Every record must be retyped exactly as it reads.

(GIVEN ENTRIES)

lemma knorm_unit:
  assumes "unit_OK \<theta> (kval s)"
  shows "knorm s = 1 \<or> knorm s = -1"
proof -
  from assms have ok: "in_OK \<theta> (kval s)" "in_OK \<theta> (inverse (kval s))" "kval s \<noteq> 0"
    unfolding unit_OK_def by auto
  then obtain t where t: "inverse (kval s) = kval t"
    unfolding in_OK_def in_field_K_iff by blast
  with ok(3) have "kval (kmult s t) = kval (1, 0, 0)" by (simp add: kval_kmult flip: t)
  then have "kmult s t = (1, 0, 0)" by (simp only: kval_inject)
  then have "knorm s * knorm t = 1" by (metis cubic_norm_mult knorm_one)
  moreover have "knorm s \<in> \<int>" "knorm t \<in> \<int>"
    using knorm_Ints ok(1,2) unfolding t by auto
  then obtain z z' where "knorm s = of_int z" "knorm t = of_int z'"
    by (elim Ints_cases)
  ultimately have "z * z' = 1" by (metis of_int_eq_1_iff of_int_mult)
  then show ?thesis using \<open>knorm s = of_int z\<close> by (auto simp: zmult_eq_1_iff)
qed

lemma unit_power_norm_form:
  assumes unit: "unit_OK \<theta> lam" and "lam > 0" and abc: "lam^n = kval (a, b, c)"
  shows "lam^n * ((of_rat a - of_rat b * \<theta>/2 + of_rat c * (of_int p - \<theta>^2/2))^2
           + (3 * \<theta>^2 - 4 * of_int p)/4 * (of_rat b - of_rat c * \<theta>)^2) = 1"
    (is "lam^n * ?Q = 1")
proof -
  obtain t where t: "lam = kval t"
    using unit unfolding unit_OK_def in_OK_def in_field_K_iff by blast
  obtain t' where t': "lam^n = kval t'" "knorm t' = knorm t ^ n"
    using kval_power[of t n] unfolding t by blast
  have "t' = (a, b, c)" unfolding kval_inject[symmetric] using abc t'(1) by simp
  with t'(2) have "knorm (a, b, c) = knorm t ^ n" by simp
  with knorm_unit[of t] unit t have "knorm (a, b, c) = 1 \<or> knorm (a, b, c) = -1"
    by (cases "even n") auto
  moreover have "of_rat (knorm (a, b, c)) = lam^n * ?Q"
    using abc of_rat_knorm by simp
  moreover have "lam^n * ?Q \<ge> 0"
    using \<open>lam > 0\<close> discriminant_pos by simp
  ultimately show ?thesis by auto
qed

end

lemma square_root_defect:
  fixes X s E :: real
  assumes "X \<ge> 0" "s > 0" "X^2 = s^2 + E" "\<bar>E\<bar> < s^2/2"
  shows "\<bar>X - s\<bar> * (17/10 * s) \<le> \<bar>E\<bar>"
proof -
  have "(7/10 * s)^2 = 49/100 * s^2" by (simp add: power2_eq_square)
  also have "\<dots> < X^2" using assms(3,4) zero_le_power2[of s] by linarith
  finally have "(7/10 * s)^2 < X^2" .
  then have "7/10 * s < X" using assms(1) by (rule power_less_imp_less_base)
  then have "\<bar>X - s\<bar> * (17/10 * s) \<le> \<bar>X - s\<bar> * (X + s)"
    by (intro mult_left_mono) auto
  also have "\<dots> = \<bar>(X - s) * (X + s)\<bar>" using assms(1,2) by (simp add: abs_mult)
  also have "\<dots> = \<bar>X^2 - s^2\<bar>" by (simp add: power2_eq_square algebra_simps)
  finally show ?thesis using assms(3) by simp
qed
lemma inverse_level_gt_tendsto_at_0:
  "((\<lambda>u. 1 / level_gt u) \<longlongrightarrow>
      (if emeasure lborel {x. 0 < \<rho> x} = \<infinity> then 0 else 1 / measure lborel {x. 0 < \<rho> x})) (at_right 0)"
proof -
  have lim: "((\<lambda>u. emeasure lborel {x. u < \<rho> x}) \<longlongrightarrow> emeasure lborel {x. 0 < \<rho> x}) (at_right 0)"
    using tendsto_emeasure_superlevel_at_right[OF density_measurable, of 0] by simp
  show ?thesis
  proof (cases "emeasure lborel {x. 0 < \<rho> x} = \<infinity>")
    case True
    have "filterlim level_gt at_top (at_right 0)"
      unfolding filterlim_at_top
    proof
      fix Z :: real
      have "\<forall>\<^sub>F u in at_right 0. ennreal (max Z 0) < emeasure lborel {x. u < \<rho> x}"
        using lim True by (intro order_tendstoD(1)) auto
      then show "\<forall>\<^sub>F u in at_right 0. Z \<le> level_gt u"
        using eventually_at_right_less[of 0]
        by eventually_elim (auto simp: emeasure_superlevel_eq ennreal_less_iff)
    qed
    then have "((\<lambda>u. inverse (level_gt u)) \<longlongrightarrow> 0) (at_right 0)"
      by (rule tendsto_inverse_0_at_top)
    then show ?thesis using True by (simp add: inverse_eq_divide)
  next
    case False
    have "0 < measure lborel {x. 0 < \<rho> x}"
      using emeasure_superlevel_pos[OF M_pos] False
      by (simp add: measure_def enn2real_positive_iff less_top)
    moreover have "(level_gt \<longlongrightarrow> measure lborel {x. 0 < \<rho> x}) (at_right 0)"
      using tendsto_enn2real[OF lim[unfolded emeasure_eq_ennreal_measure[OF False[unfolded infinity_ennreal_def]]]]
      by (simp add: level_gt_eq_enn2real measure_def)
    ultimately show ?thesis using False by (auto intro!: tendsto_divide tendsto_const)
  qed
qed

end

section \<open>The height function\<close>

locale height_function = bounded_density +
  fixes h :: "real \<Rightarrow> real"
  assumes height: "\<And>s. 0 < s \<Longrightarrow> s < 1 \<Longrightarrow> integral\<^sup>L lborel (\<lambda>x. min (\<rho> x) (h s)) = s"
begin

lemma trunc_mass_height: "0 < s \<Longrightarrow> s < 1 \<Longrightarrow> trunc_mass (h s) = s"
  using height by (simp add: trunc_mass_def)

lemma height_range: assumes "0 < s" "s < 1" shows "0 < h s" "h s < M"
proof -
  show "0 < h s"
    using trunc_mass_nonpos[of "h s"] trunc_mass_height[OF assms] assms by fastforce
  show "h s < M"
    using trunc_mass_ge_M[of "h s"] trunc_mass_height[OF assms] assms by fastforce
qed

lemma height_less: assumes "0 < s1" "s1 < s2" "s2 < 1" shows "h s1 < h s2"
proof (rule ccontr)
  assume "\<not> h s1 < h s2"
  then have "trunc_mass (h s2) \<le> trunc_mass (h s1)"
    using trunc_mass_mono[of "h s2" "h s1"] height_range[of s2] assms by auto
  then show False using trunc_mass_height[of s1] trunc_mass_height[of s2] assms by auto
qed

lemma height_strict_mono: "strict_mono_on {0<..<1} h"
  by (rule strict_mono_onI) (use height_less in auto)

lemma height_trunc_mass: assumes "0 < t" "t < M" shows "h (trunc_mass t) = t"
proof -
  have s: "0 < trunc_mass t" "trunc_mass t < 1" using trunc_mass_range[OF assms] by auto
  have "trunc_mass (h (trunc_mass t)) = trunc_mass t"
    using trunc_mass_height[OF s] .
  moreover have "0 < h (trunc_mass t)" "h (trunc_mass t) < M" using height_range[OF s] by auto
  ultimately show ?thesis
    using trunc_mass_less[of "h (trunc_mass t)" t] trunc_mass_less[of t "h (trunc_mass t)"] assms
    by (cases "h (trunc_mass t)" t rule: linorder_cases) auto
qed

lemma height_image: "h ` {0<..<1} = {0<..<M}"
proof
  show "h ` {0<..<1} \<subseteq> {0<..<M}" using height_range by auto
  show "{0<..<M} \<subseteq> h ` {0<..<1}"
  proof
    fix t assume "t \<in> {0<..<M}"
    then show "t \<in> h ` {0<..<1}"
      using height_trunc_mass[of t] trunc_mass_range[of t] by (intro image_eqI[of _ _ "trunc_mass t"]) auto
  qed
qed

(End GIVEN ENTRIES)

RESULT.
lemma knorm_unit:
  assumes "unit_OK \<theta> (kval s)"
  shows "knorm s = 1 \<or> knorm s = -1"
proof -
  from assms have ok: "in_OK \<theta> (kval s)" "in_OK \<theta> (inverse (kval s))" "kval s \<noteq> 0"
    unfolding unit_OK_def by auto
  then obtain t where t: "inverse (kval s) = kval t"
    unfolding in_OK_def in_field_K_iff by blast
  with ok(3) have "kval (kmult s t) = kval (1, 0, 0)" by (simp add: kval_kmult flip: t)
  then have "kmult s t = (1, 0, 0)" by (simp only: kval_inject)
  then have "knorm s * knorm t = 1" by (metis cubic_norm_mult knorm_one)
  moreover have "knorm s \<in> \<int>" "knorm t \<in> \<int>"
    using knorm_Ints ok(1,2) unfolding t by auto
  then obtain z z' where "knorm s = of_int z" "knorm t = of_int z'"
    by (elim Ints_cases)
  ultimately have "z * z' = 1" by (metis of_int_eq_1_iff of_int_mult)
  then show ?thesis using \<open>knorm s = of_int z\<close> by (auto simp: zmult_eq_1_iff)
qed

lemma unit_power_norm_form:
  assumes unit: "unit_OK \<theta> lam" and "lam > 0" and abc: "lam^n = kval (a, b, c)"
  shows "lam^n * ((of_rat a - of_rat b * \<theta>/2 + of_rat c * (of_int p - \<theta>^2/2))^2
           + (3 * \<theta>^2 - 4 * of_int p)/4 * (of_rat b - of_rat c * \<theta>)^2) = 1"
    (is "lam^n * ?Q = 1")
proof -
  obtain t where t: "lam = kval t"
    using unit unfolding unit_OK_def in_OK_def in_field_K_iff by blast
  obtain t' where t': "lam^n = kval t'" "knorm t' = knorm t ^ n"
    using kval_power[of t n] unfolding t by blast
  have "t' = (a, b, c)" unfolding kval_inject[symmetric] using abc t'(1) by simp
  with t'(2) have "knorm (a, b, c) = knorm t ^ n" by simp
  with knorm_unit[of t] unit t have "knorm (a, b, c) = 1 \<or> knorm (a, b, c) = -1"
    by (cases "even n") auto
  moreover have "of_rat (knorm (a, b, c)) = lam^n * ?Q"
    using abc of_rat_knorm by simp
  moreover have "lam^n * ?Q \<ge> 0"
    using \<open>lam > 0\<close> discriminant_pos by simp
  ultimately show ?thesis by auto
qed

end

lemma square_root_defect:
  fixes X s E :: real
  assumes "X \<ge> 0" "s > 0" "X^2 = s^2 + E" "\<bar>E\<bar> < s^2/2"
  shows "\<bar>X - s\<bar> * (17/10 * s) \<le> \<bar>E\<bar>"
proof -
  have "(7/10 * s)^2 = 49/100 * s^2" by (simp add: power2_eq_square)
  also have "\<dots> < X^2" using assms(3,4) zero_le_power2[of s] by linarith
  finally have "(7/10 * s)^2 < X^2" .
  then have "7/10 * s < X" using assms(1) by (rule power_less_imp_less_base)
  then have "\<bar>X - s\<bar> * (17/10 * s) \<le> \<bar>X - s\<bar> * (X + s)"
    by (intro mult_left_mono) auto
  also have "\<dots> = \<bar>(X - s) * (X + s)\<bar>" using assms(1,2) by (simp add: abs_mult)
  also have "\<dots> = \<bar>X^2 - s^2\<bar>" by (simp add: power2_eq_square algebra_simps)
  finally show ?thesis using assms(3) by simp
qed
lemma inverse_level_gt_tendsto_at_0:
  "((\<lambda>u. 1 / level_gt u) \<longlongrightarrow>
      (if emeasure lborel {x. 0 < \<rho> x} = \<infinity> then 0 else 1 / measure lborel {x. 0 < \<rho> x})) (at_right 0)"
proof -
  have lim: "((\<lambda>u. emeasure lborel {x. u < \<rho> x}) \<longlongrightarrow> emeasure lborel {x. 0 < \<rho> x}) (at_right 0)"
    using tendsto_emeasure_superlevel_at_right[OF density_measurable, of 0] by simp
  show ?thesis
  proof (cases "emeasure lborel {x. 0 < \<rho> x} = \<infinity>")
    case True
    have "filterlim level_gt at_top (at_right 0)"
      unfolding filterlim_at_top
    proof
      fix Z :: real
      have "\<forall>\<^sub>F u in at_right 0. ennreal (max Z 0) < emeasure lborel {x. u < \<rho> x}"
        using lim True by (intro order_tendstoD(1)) auto
      then show "\<forall>\<^sub>F u in at_right 0. Z \<le> level_gt u"
        using eventually_at_right_less[of 0]
        by eventually_elim (auto simp: emeasure_superlevel_eq ennreal_less_iff)
    qed
    then have "((\<lambda>u. inverse (level_gt u)) \<longlongrightarrow> 0) (at_right 0)"
      by (rule tendsto_inverse_0_at_top)
    then show ?thesis using True by (simp add: inverse_eq_divide)
  next
    case False
    have "0 < measure lborel {x. 0 < \<rho> x}"
      using emeasure_superlevel_pos[OF M_pos] False
      by (simp add: measure_def enn2real_positive_iff less_top)
    moreover have "(level_gt \<longlongrightarrow> measure lborel {x. 0 < \<rho> x}) (at_right 0)"
      using tendsto_enn2real[OF lim[unfolded emeasure_eq_ennreal_measure[OF False[unfolded infinity_ennreal_def]]]]
      by (simp add: level_gt_eq_enn2real measure_def)
    ultimately show ?thesis using False by (auto intro!: tendsto_divide tendsto_const)
  qed
qed

end

section \<open>The height function\<close>

locale height_function = bounded_density +
  fixes h :: "real \<Rightarrow> real"
  assumes height: "\<And>s. 0 < s \<Longrightarrow> s < 1 \<Longrightarrow> integral\<^sup>L lborel (\<lambda>x. min (\<rho> x) (h s)) = s"
begin

lemma trunc_mass_height: "0 < s \<Longrightarrow> s < 1 \<Longrightarrow> trunc_mass (h s) = s"
  using height by (simp add: trunc_mass_def)

lemma height_range: assumes "0 < s" "s < 1" shows "0 < h s" "h s < M"
proof -
  show "0 < h s"
    using trunc_mass_nonpos[of "h s"] trunc_mass_height[OF assms] assms by fastforce
  show "h s < M"
    using trunc_mass_ge_M[of "h s"] trunc_mass_height[OF assms] assms by fastforce
qed

lemma height_less: assumes "0 < s1" "s1 < s2" "s2 < 1" shows "h s1 < h s2"
proof (rule ccontr)
  assume "\<not> h s1 < h s2"
  then have "trunc_mass (h s2) \<le> trunc_mass (h s1)"
    using trunc_mass_mono[of "h s2" "h s1"] height_range[of s2] assms by auto
  then show False using trunc_mass_height[of s1] trunc_mass_height[of s2] assms by auto
qed

lemma height_strict_mono: "strict_mono_on {0<..<1} h"
  by (rule strict_mono_onI) (use height_less in auto)

lemma height_trunc_mass: assumes "0 < t" "t < M" shows "h (trunc_mass t) = t"
proof -
  have s: "0 < trunc_mass t" "trunc_mass t < 1" using trunc_mass_range[OF assms] by auto
  have "trunc_mass (h (trunc_mass t)) = trunc_mass t"
    using trunc_mass_height[OF s] .
  moreover have "0 < h (trunc_mass t)" "h (trunc_mass t) < M" using height_range[OF s] by auto
  ultimately show ?thesis
    using trunc_mass_less[of "h (trunc_mass t)" t] trunc_mass_less[of t "h (trunc_mass t)"] assms
    by (cases "h (trunc_mass t)" t rule: linorder_cases) auto
qed

lemma height_image: "h ` {0<..<1} = {0<..<M}"
proof
  show "h ` {0<..<1} \<subseteq> {0<..<M}" using height_range by auto
  show "{0<..<M} \<subseteq> h ` {0<..<1}"
  proof
    fix t assume "t \<in> {0<..<M}"
    then show "t \<in> h ` {0<..<1}"
      using height_trunc_mass[of t] trunc_mass_range[of t] by (intro image_eqI[of _ _ "trunc_mass t"]) auto
  qed
qed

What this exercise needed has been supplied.